You know, we've, we went through that internal overcoming people who thought manual changes, manual approval is better than automated approval. Can we present that consistently across the, across all our different organizations externally, to external regulators and say, look, we've got the results that prove this is good. We are working together through an organization called FINOS, which is the Financial Open Source Foundation. Many big firms are part of it.

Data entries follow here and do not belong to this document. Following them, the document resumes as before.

lemma iid_normal_norm_power4:
  fixes \<sigma> :: real
  assumes "\<sigma> > 0"
  shows "integrable (iid_normal \<sigma>) (\<lambda>x::'a::euclidean_space. (norm x) ^ 4)"
    and "(\<integral>x. (norm (x::'a)) ^ 4 \<partial>iid_normal \<sigma>) = real DIM('a) * (real DIM('a) + 2) * \<sigma> ^ 4"
proof -
  note moment = iid_normal_moment_squares[OF \<open>\<sigma> > 0\<close>]
  show "integrable (iid_normal \<sigma>) (\<lambda>x::'a. (norm x) ^ 4)"
    unfolding norm_power4_eq_sum_Basis by (intro Bochner_Integration.integrable_sum moment(1))
  have row: "(\<Sum>c\<in>Basis. (if b = c then 3 else 1) * \<sigma> ^ 4) = (real DIM('a) + 2) * \<sigma> ^ 4"
    if "b \<in> (Basis::'a set)" for b
  proof -
    have "(\<Sum>c\<in>Basis. (if b = c then 3 else 1) * \<sigma> ^ 4)
        = (\<Sum>c\<in>(Basis::'a set). \<sigma> ^ 4 + (if c = b then 2 * \<sigma> ^ 4 else 0))"
      by (intro sum.cong) auto
    also have "\<dots> = (real DIM('a) + 2) * \<sigma> ^ 4"
      using that by (simp add: sum.distrib algebra_simps)
    finally show ?thesis .
  qed
  have "(\<integral>x. (norm (x::'a)) ^ 4 \<partial>iid_normal \<sigma>)
      = (\<Sum>b\<in>(Basis::'a set). \<Sum>c\<in>Basis. \<integral>x. (x \<bullet> b)\<^sup>2 * (x \<bullet> c)\<^sup>2 \<partial>iid_normal \<sigma>)"
    unfolding norm_power4_eq_sum_Basis
    by (simp add: Bochner_Integration.integral_sum moment(1))
  also have "\<dots> = (\<Sum>b\<in>(Basis::'a set). (real DIM('a) + 2) * \<sigma> ^ 4)"
  proof (intro sum.cong refl)
    fix b :: 'a
    assume "b \<in> Basis"
    then have "(\<Sum>c\<in>Basis. \<integral>x. (x \<bullet> b)\<^sup>2 * (x \<bullet> c)\<^sup>2 \<partial>iid_normal \<sigma>)
        = (\<Sum>c\<in>Basis. (if b = c then 3 else 1) * \<sigma> ^ 4)"
      by (intro sum.cong refl moment(2))
    then show "(\<Sum>c\<in>Basis. \<integral>x. (x \<bullet> b)\<^sup>2 * (x \<bullet> c)\<^sup>2 \<partial>iid_normal \<sigma>) = (real DIM('a) + 2) * \<sigma> ^ 4"
      using row[OF \<open>b \<in> Basis\<close>] by simp
  qed
  finally show "(\<integral>x. (norm (x::'a)) ^ 4 \<partial>iid_normal \<sigma>) = real DIM('a) * (real DIM('a) + 2) * \<sigma> ^ 4"
    by simp
qed

lemma normal_density_times_gaussian:
  assumes "\<sigma> > 0" and "t \<ge> 0"
  defines "s \<equiv> \<sigma> / sqrt (1 + 2 * t * \<sigma>\<^sup>2)"
  shows "normal_density 0 \<sigma> y * exp (- t * y\<^sup>2) = (s / \<sigma>) * normal_density 0 s y"
proof -
  have q: "1 + 2 * t * \<sigma>\<^sup>2 > 0"
    using assms by (simp add: add_pos_nonneg)
  then have "s > 0"
    using \<open>\<sigma> > 0\<close> by (simp add: s_def)
  have "- y\<^sup>2 / (2 * \<sigma>\<^sup>2) + - t * y\<^sup>2 = - y\<^sup>2 / (2 * (\<sigma>\<^sup>2 / (1 + 2 * t * \<sigma>\<^sup>2)))"
    using \<open>\<sigma> > 0\<close> q by (simp add: field_simps)
  also have "\<sigma>\<^sup>2 / (1 + 2 * t * \<sigma>\<^sup>2) = s\<^sup>2"
    using q by (simp add: s_def power_divide)
  finally have exponent: "- y\<^sup>2 / (2 * \<sigma>\<^sup>2) + - t * y\<^sup>2 = - y\<^sup>2 / (2 * s\<^sup>2)" .
  have "normal_density 0 \<sigma> y * exp (- t * y\<^sup>2) = exp (- y\<^sup>2 / (2 * s\<^sup>2)) / (sqrt (2 * pi) * \<sigma>)"
  proof -
    have "exp (- (y\<^sup>2 / (2 * \<sigma>\<^sup>2))) * exp (- (t * y\<^sup>2)) = exp (- (y\<^sup>2 / (2 * s\<^sup>2)))"
      by (subst exp_add[symmetric]) (use exponent in simp)
    then show ?thesis
      using \<open>\<sigma> > 0\<close> by (simp add: normal_density_def real_sqrt_mult)
  qed
  also have "\<dots> = (s / \<sigma>) * normal_density 0 s y"
    using \<open>\<sigma> > 0\<close> \<open>s > 0\<close> by (simp add: normal_density_def real_sqrt_mult)
  finally show ?thesis .
qed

You probably are if you don't realize you are, if you're a financial firm.

Um, and we've got a working group in there called DevOps Mutualization. Uh, if you wanna get involved with that, you're a member of FINOS. Let me know. If you're not a member of FINOS, I'd still love to hear from you about what you are doing, uh, around automated DevOps in a regulated environment. Our risk assessment, can we make that better? It's targeted for software changes right now. What things we need to think about when we're talking about infrastructure changes. Uh, we're looking at a number of vendor products that could potentially do machine learning on this.

So rather than being a static set of rules, every change gets its own assessment that's contextual to that change. If you're doing something in that space, we'd love to hear from you. And then the audit trail, we're getting better at this, but we still have a number of different tools involved in this pipeline. It's still hard to present an end-to-end picture, uh, simply and consistently to our auditors. Uh, if you've got anything working on that space or you solved that problem, I'd love to hear from you as well.

So that's it. I hope you enjoyed, uh, uh, and found this talk useful. Um, and I'm, uh, I'd love to hear from you if, if you're going through something similar.